### WHAT IS NEEDED
Please copy each line from the entries that contains the string "obtain".
** INPUT FOR THIS TASK follows **
definition proj_sub :: "'a::euclidean_space set \<Rightarrow> 'a \<Rightarrow> 'a" where
  "proj_sub H x = (THE y. y \<in> H \<and> (\<forall>z\<in>H. orthogonal (x - y) z))"

definition h4 :: "'a::euclidean_space set \<Rightarrow> 'a \<Rightarrow> real" where
  "h4 H x = (let \<xi> = proj_sub H x; \<eta> = x - proj_sub H x in
     norm \<xi> ^ 4 - 6 * norm \<xi> ^ 2 * norm \<eta> ^ 2 + norm \<eta> ^ 4)"

definition congruent_fun :: "('a::euclidean_space \<Rightarrow> real) \<Rightarrow> ('a \<Rightarrow> real) \<Rightarrow> bool" where
  "congruent_fun f1 f2 \<longleftrightarrow>
     (\<exists>U \<epsilon>. orthogonal_transformation U \<and> \<epsilon> \<in> {1, -1} \<and> (\<forall>x. f2 x = \<epsilon> * f1 (U x)))"

end

theory Submission
  imports Defs
begin

text \<open>With \<open>t = |x|\<^sup>2\<close> and \<open>a = |\<xi>|\<^sup>2\<close>, Pythagoras gives \<open>|\<eta>|\<^sup>2 = t - a\<close> and hence
  \<open>h4 H x = t\<^sup>2 - 8 a (t - a)\<close>, which equals \<open>|x|\<^sup>4\<close> exactly on \<open>H \<union> H\<^sup>\<bottom>\<close>. The defining
  formula is symmetric in \<open>\<xi>\<close> and \<open>\<eta>\<close>, so \<open>h4 H = h4 H\<^sup>\<bottom>\<close>; together with an orthogonal map
  carrying one subspace onto another of the same dimension this gives the congruences.
  Conversely, after absorbing the orthogonal map a congruence reads \<open>h4 K = \<epsilon> h4 G\<close>. For
  \<open>\<epsilon> = 1\<close> each of \<open>G, G\<^sup>\<bottom>\<close> lies in \<open>K \<union> K\<^sup>\<bottom>\<close>, hence in one of the two, and symmetrically;
  the resulting dimension inequalities leave only \<open>dim G \<in> {dim K, n - dim K}\<close>. For
  \<open>\<epsilon> = -1\<close> the sets \<open>G \<inter> K\<close> and \<open>G\<^sup>\<bottom> \<inter> K\<^sup>\<bottom>\<close> are trivial, which forces \<open>dim G + dim K = n\<close>.\<close>

lemma proj_sub_eqI:
  assumes H: "subspace H" and "y \<in> H" and orth: "\<And>z. z \<in> H \<Longrightarrow> orthogonal (x - y) z"
  shows "proj_sub H x = y"
  unfolding proj_sub_def
proof (rule the_equality)
  show "y \<in> H \<and> (\<forall>z\<in>H. orthogonal (x - y) z)"
    using assms by blast
next
  fix y' assume y': "y' \<in> H \<and> (\<forall>z\<in>H. orthogonal (x - y') z)"
  then have "y' - y \<in> H"
    using \<open>y \<in> H\<close> H by (simp add: subspace_diff)
  then have "orthogonal (x - y) (y' - y)" "orthogonal (x - y') (y' - y)"
    using orth y' by auto
  then have "orthogonal (y' - y) (y' - y)"
    by (simp add: orthogonal_def inner_diff_left)
  then show "y' = y"
    by (simp add: orthogonal_self)
qed
(* Assume the setting described in the context (quadratic nonlinearity), and additionally $u(t)\le1$ for all $t\ge0$. Let $f_0\in F$ and $T\in(0,+\infty]$, put $\mathscr F(t):=\|f_0\|+\Xi_-(t)\,\mathcal U(t)$, and assume $4K\,\mathcal U(T)\,\mathscr F(T)\le1$. Then VP$(f_0)$ has a solution $\varphi:[0,T)\to F$ and, for all $t\in[0,T)$, $\|\varphi(t)\|\le\mathscr F(t)\,\mathcal X(4K\mathcal U(t)\mathscr F(t))$, where $\mathcal X(z):=(1-\sqrt{1-z})/(z/2)$ for $z\in(0,1]$ and $\mathcal X(0):=1$.
   Context: Banach spaces over a common field. $X\hookrightarrow Y$ means $X$ is a dense subspace of $Y$ with continuous inclusion. Setting: $F_+,F,F_-$ Banach spaces with norms $\|\cdot\|_+,\|\cdot\|,\|\cdot\|_-$, $F_+\hookrightarrow F\hookrightarrow F_-$; $\mathcal A:F_+\to F_-$ linear with $\|\cdot\|_+$ equivalent on $F_+$ to $\|f\|_-+\|\mathcal Af\|_-$; $\mathcal A$ generates a strongly continuous semigroup $(e^{t\mathcal A})_{t\ge0}$ on $F_-$ (domain $F_+$); $e^{t\mathcal A}(F)\subset F$ ($t\ge0$) with $(f,t)\mapsto e^{t\mathcal A}f$ continuous $F\times[0,\infty)\to F$ and $\|e^{t\mathcal A}f\|\le u(t)\|f\|$ for some $u\in C([0,\infty),(0,\infty))$; $e^{t\mathcal A}(F_-)\subset F$ ($t>0$) with $(f,t)\mapsto e^{t\mathcal A}f$ continuous $F_-\times(0,\infty)\to F$ and $\|e^{t\mathcal A}f\|\le u_-(t)\|f\|_-$ for some $u_-\in C((0,\infty),(0,\infty))$ with $u_-(t)=O(t^{-(1-\sigma)})$ as $t\to0^+$, $\sigma\in(0,1]$. $\mathscr P:F\times F\to F_-$ bilinear with $\|\mathscr P(f,g)\|_-\le K\|f\|\|g\|$, $K\in(0,\infty)$; $\xi:[0,+\infty)\to F_-$ locally Lipschitz; $\mathcal P(f,t):=\mathscr P(f,f)+\xi(t)$. $\mathcal U\in C([0,+\infty),[0,+\infty))$ nondecreasing with $\int_0^tu_-(s)\,ds\le\mathcal U(t)$ and $\mathcal U(0)=0$; $\Xi_-\in C([0,+\infty),[0,+\infty))$ nondecreasing with $\|\xi(t)\|_-\le\Xi_-(t)$; values at $+\infty$ are limits. VP$(f_0)$ asks for $\varphi\in C([0,T),F)$ with $\varphi(t)=e^{t\mathcal A}f_0+\int_0^te^{(t-s)\mathcal A}\mathcal P(\varphi(s),s)\,ds$ for $t\in[0,T)$. *)

theory Defs
  imports "HOL-Analysis.Analysis" "HOL-Library.Landau_Symbols"
begin

definition sc_semigroup :: "(real \<Rightarrow> 'm::banach \<Rightarrow> 'm) \<Rightarrow> bool" where
  "sc_semigroup S \<longleftrightarrow>
     (\<forall>t\<ge>0. bounded_linear (S t)) \<and>
     S 0 = id \<and>
     (\<forall>t\<ge>0. \<forall>s\<ge>0. S (t + s) = S t \<circ> S s) \<and>
     (\<forall>x. continuous_on {0..} (\<lambda>t. S t x))"

definition gen_at :: "(real \<Rightarrow> 'm::real_normed_vector \<Rightarrow> 'm) \<Rightarrow> 'm \<Rightarrow> 'm \<Rightarrow> bool" where
  "gen_at S x y \<longleftrightarrow> ((\<lambda>h. (S h x - x) /\<^sub>R h) \<longlongrightarrow> y) (at_right 0)"

definition locally_lipschitz_nonneg :: "(real \<Rightarrow> 'm::real_normed_vector) \<Rightarrow> bool" where
  "locally_lipschitz_nonneg \<xi> \<longleftrightarrow>
     (\<forall>R\<ge>0. \<exists>L. \<forall>s\<in>{0..R}. \<forall>t\<in>{0..R}. norm (\<xi> s - \<xi> t) \<le> L * \<bar>s - t\<bar>)"

text \<open>Value of a nondecreasing function at T \<in> (0,+\<infinity>]; at +\<infinity> it is the limit (= supremum).\<close>
definition ext_val :: "(real \<Rightarrow> real) \<Rightarrow> ereal \<Rightarrow> ereal" where
  "ext_val g T = (if T = \<infinity> then (SUP t\<in>{0..}. ereal (g t)) else ereal (g (real_of_ereal T)))"
definition adequate_order :: "'c set \<Rightarrow> ('c \<times> 'c) set \<Rightarrow> ('c set \<Rightarrow> 'c set \<Rightarrow> bool) \<Rightarrow> bool" where
  "adequate_order E G prec \<longleftrightarrow>
     (\<forall>K. configuration E G K \<longrightarrow> \<not> prec K K)
     \<and> (\<forall>K1 K2 K3. configuration E G K1 \<and> configuration E G K2 \<and> configuration E G K3
          \<and> prec K1 K2 \<and> prec K2 K3 \<longrightarrow> prec K1 K3)
     \<and> wf {(K1, K2). configuration E G K1 \<and> configuration E G K2 \<and> prec K1 K2}
     \<and> (\<forall>e \<in> E. \<forall>e' \<in> E. local_config E G e \<subset> local_config E G e'
          \<longrightarrow> prec (local_config E G e) (local_config E G e'))"

definition corresponding :: "'c set \<Rightarrow> 'c set \<Rightarrow> ('c \<times> 'c) set \<Rightarrow> ('c \<Rightarrow> 'n) \<Rightarrow>
    ('c set \<Rightarrow> 'c set \<Rightarrow> bool) \<Rightarrow> 'c \<Rightarrow> 'c \<Rightarrow> bool" where
  "corresponding C E G h prec e e' \<longleftrightarrow> e \<in> E \<and> e' \<in> E
     \<and> Mark C G h (local_config E G e) = Mark C G h (local_config E G e')
     \<and> prec (local_config E G e') (local_config E G e)"

definition cutoff :: "'c set \<Rightarrow> 'c set \<Rightarrow> ('c \<times> 'c) set \<Rightarrow> ('c \<Rightarrow> 'n) \<Rightarrow>
    ('c set \<Rightarrow> 'c set \<Rightarrow> bool) \<Rightarrow> 'c \<Rightarrow> bool" where
  "cutoff C E G h prec e \<longleftrightarrow> (\<exists>e'. corresponding C E G h prec e e')"

definition prefix_events :: "'c set \<Rightarrow> 'c set \<Rightarrow> ('c \<times> 'c) set \<Rightarrow> ('c \<Rightarrow> 'n) \<Rightarrow>
    ('c set \<Rightarrow> 'c set \<Rightarrow> bool) \<Rightarrow> 'c set" where
  "prefix_events C E G h prec =
     {e \<in> E. \<not> (\<exists>e0 \<in> E. cutoff C E G h prec e0 \<and> (e0, e) \<in> G\<^sup>+)}"

definition Max_events :: "('c \<times> 'c) set \<Rightarrow> 'c set \<Rightarrow> 'c set" where
  "Max_events G E0 = {e \<in> E0. \<forall>e' \<in> E0. (e, e') \<notin> G\<^sup>+}"

definition max_adj :: "('c \<times> 'c) set \<Rightarrow> 'c \<Rightarrow> 'c \<Rightarrow> bool" where
  "max_adj G e f \<longleftrightarrow> (e, f) \<in> G\<^sup>+ \<and> e \<in> Max_events G (preset_set G (preset G f))"

end

theory Submission
  imports Defs
begin

text \<open>
  Let \<open>B\<^sub>1 = [e\<^sub>1] - {e\<^sub>1}\<close> and \<open>K = [e\<^sub>2] - {e\<^sub>2}\<close>. Since \<open>e\<^sub>1'\<close> is a maximal event below the
  preset of \<open>e\<^sub>2\<close>, we have \<open>[e\<^sub>1'] \<subseteq> K\<close> and no event of \<open>K\<close> lies after \<open>e\<^sub>1'\<close>; hence the
  postset of \<open>e\<^sub>1'\<close> stays in the cut while the events of \<open>K - [e\<^sub>1']\<close> are added, and by
  1-safety these events never consume tokens of \<open>h(e\<^sub>1'\<bullet>) = h(e\<^sub>1\<bullet>)\<close>. So the markings
  \<open>Mark(Q) - h(e\<^sub>1\<bullet>) + \<bullet>h(e\<^sub>1)\<close>, for \<open>[e\<^sub>1'] \<subseteq> Q \<subseteq> K\<close>, form a firing sequence starting at
  \<open>Mark(B\<^sub>1)\<close> (as \<open>Mark([e\<^sub>1]) = Mark([e\<^sub>1'])\<close>). At its end \<open>h(e\<^sub>1)\<close> fires, producing
  \<open>Mark(K)\<close>, which contains the image of \<open>\<bullet>e\<^sub>2\<close> and so enables \<open>h(e\<^sub>2)\<close>.
\<close>

lemma finite_fiber_inj_on:
  assumes "inj_on h S" shows "finite {b\<in>S. h b = p}"
proof -
  have "inj_on h {b\<in>S. h b = p}" using assms by (rule inj_on_subset) auto
  moreover have "finite (h ` {b\<in>S. h b = p})" by (rule finite_subset[of _ "{p}"]) auto
  ultimately show ?thesis using finite_imageD by blast
qed

lemma card_fiber_bij_betw:
  assumes "bij_betw h S S'" shows "card {b\<in>S. h b = p} = (if p \<in> S' then 1 else 0)"
proof (cases "p \<in> S'")
  case True
  then obtain b where b: "b \<in> S" "h b = p" using assms unfolding bij_betw_def by blast
  have "{b\<in>S. h b = p} = {b}" using b assms unfolding bij_betw_def inj_on_def by blast
  then show ?thesis using True by simp
next
  case False
  then have "{b\<in>S. h b = p} = {}" using assms unfolding bij_betw_def by blast
  then show ?thesis using False by (simp only: card.empty if_False)
qed

subsection \<open>Backward firing\<close>

definition unfire :: "('n \<times> 'n) set \<Rightarrow> ('n \<Rightarrow> nat) \<Rightarrow> 'n \<Rightarrow> ('n \<Rightarrow> nat)" where
  "unfire F M t = (\<lambda>p. M p - (if p \<in> postset F t then 1 else 0) + (if p \<in> preset F t then 1 else 0))"

lemma unfire_fire:
  assumes "enabled T F M t" shows "unfire F (fire F M t) t = M"
  using assms unfolding enabled_def unfire_def fire_def by fastforce

lemma enabled_unfire_self: "t \<in> T \<Longrightarrow> enabled T F (unfire F M t) t"
  unfolding enabled_def unfire_def by simp

lemma fire_unfire:
  assumes "\<forall>p\<in>postset F t. 1 \<le> M p" shows "fire F (unfire F M t) t = M"
  using assms unfolding unfire_def fire_def by fastforce

lemma enabled_unfire:
  assumes "enabled T F M u" and "preset F u \<inter> postset F t = {}"
  shows "enabled T F (unfire F M t) u"
  using assms unfolding enabled_def unfire_def by fastforce

lemma fire_unfire_commute:
  assumes "enabled T F M u" and "preset F u \<inter> postset F t = {}"
    and "\<forall>p\<in>postset F t. 1 \<le> M p"
  shows "fire F (unfire F M t) u = unfire F (fire F M u) t"
  using assms unfolding enabled_def unfire_def fire_def by fastforce

subsection \<open>Markings of cuts in a branching process\<close>

definition marking_of :: "('c \<Rightarrow> 'n) \<Rightarrow> 'c set \<Rightarrow> 'n \<Rightarrow> nat" where
  "marking_of h X = (\<lambda>p. card {b\<in>X. h b = p})"

locale branching_proc =
  fixes P T :: "'n set" and F :: "('n \<times> 'n) set" and M0 :: "'n \<Rightarrow> nat"
    and C E :: "'c set" and G :: "('c \<times> 'c) set" and h :: "'c \<Rightarrow> 'n"
  assumes branching_process: "branching_process P T F M0 C E G h"
begin

lemma occurrence_net: "occurrence_net C E G"
  using branching_process unfolding branching_process_def by blast

lemma conditions_events_disjoint: "C \<inter> E = {}"
  using occurrence_net unfolding occurrence_net_def by blast

lemma flow_bipartite: "G \<subseteq> (C \<times> E) \<union> (E \<times> C)"
  using occurrence_net unfolding occurrence_net_def by blast

lemma condition_unique_producer: "(e1, b) \<in> G \<Longrightarrow> (e2, b) \<in> G \<Longrightarrow> b \<in> C \<Longrightarrow> e1 = e2"
  using occurrence_net unfolding occurrence_net_def preset_def by blast

lemma irrefl_trancl: "(x, x) \<notin> G\<^sup>+"
  using occurrence_net unfolding occurrence_net_def by blast

lemma finite_predecessors: "finite {y. (y, x) \<in> G\<^sup>+}"
  using occurrence_net unfolding occurrence_net_def by blast

lemma not_self_conflict: "x \<in> E \<Longrightarrow> \<not> conflict E G x x"
  using occurrence_net unfolding occurrence_net_def by blast

lemma bij_betw_preset: "e \<in> E \<Longrightarrow> bij_betw h (preset G e) (preset F (h e))"
  using branching_process unfolding branching_process_def by blast

lemma bij_betw_postset: "e \<in> E \<Longrightarrow> bij_betw h (postset G e) (postset F (h e))"
  using branching_process unfolding branching_process_def by blast

lemma event_label: "e \<in> E \<Longrightarrow> h e \<in> T"
  using branching_process unfolding branching_process_def by blast

lemma initial_marking:
  "finite {b \<in> min_conds C G. h b = p}" "card {b \<in> min_conds C G. h b = p} = M0 p"
  using branching_process unfolding branching_process_def by blast+

lemma preset_event_condition: "e \<in> E \<Longrightarrow> (b, e) \<in> G \<Longrightarrow> b \<in> C"
  using flow_bipartite conditions_events_disjoint by blast

lemma postset_event_condition: "e \<in> E \<Longrightarrow> (e, b) \<in> G \<Longrightarrow> b \<in> C"
  using flow_bipartite conditions_events_disjoint by blast

lemma preset_condition_event: "b \<in> C \<Longrightarrow> (g, b) \<in> G \<Longrightarrow> g \<in> E"
  using flow_bipartite conditions_events_disjoint by blast

lemma finite_local_config: "finite (local_config E G e)"
proof -
  have "local_config E G e \<subseteq> insert e {y. (y, e) \<in> G\<^sup>+}" unfolding local_config_def by blast
  then show ?thesis by (rule finite_subset) (simp add: finite_predecessors)
qed

lemma configuration_downward_closed:
  "configuration E G K \<Longrightarrow> Q \<subseteq> K \<Longrightarrow> \<forall>g\<in>Q. \<forall>g'\<in>E. (g', g) \<in> G\<^sup>+ \<longrightarrow> g' \<in> Q
   \<Longrightarrow> configuration E G Q"
  unfolding configuration_def by blast

lemma configuration_local_config:
  assumes "e \<in> E" shows "configuration E G (local_config E G e)"
proof -
  have "\<not> conflict E G x y" if "x \<in> local_config E G e" "y \<in> local_config E G e" for x y
  proof
    assume "conflict E G x y"
    then obtain a b where ab: "a \<in> E" "b \<in> E" "a \<noteq> b" "preset G a \<inter> preset G b \<noteq> {}"
      and "(a, x) \<in> G\<^sup>*" "(b, y) \<in> G\<^sup>*"
      unfolding conflict_def by blast
    moreover have "(x, e) \<in> G\<^sup>*" "(y, e) \<in> G\<^sup>*"
      using that unfolding local_config_def by auto
    ultimately have "conflict E G e e"
      unfolding conflict_def by (meson rtrancl_trans)
    with not_self_conflict assms show False by blast
  qed
  then show ?thesis
    unfolding configuration_def local_config_def by (auto intro: trancl_trans)
qed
** End of INPUT FOR THIS TASK **
### EXERCISE RESULT
  then obtain b where b: "b \<in> S" "h b = p" using assms unfolding bij_betw_def by blast
    then obtain a b where ab: "a \<in> E" "b \<in> E" "a \<noteq> b" "preset G a \<inter> preset G b \<noteq> {}"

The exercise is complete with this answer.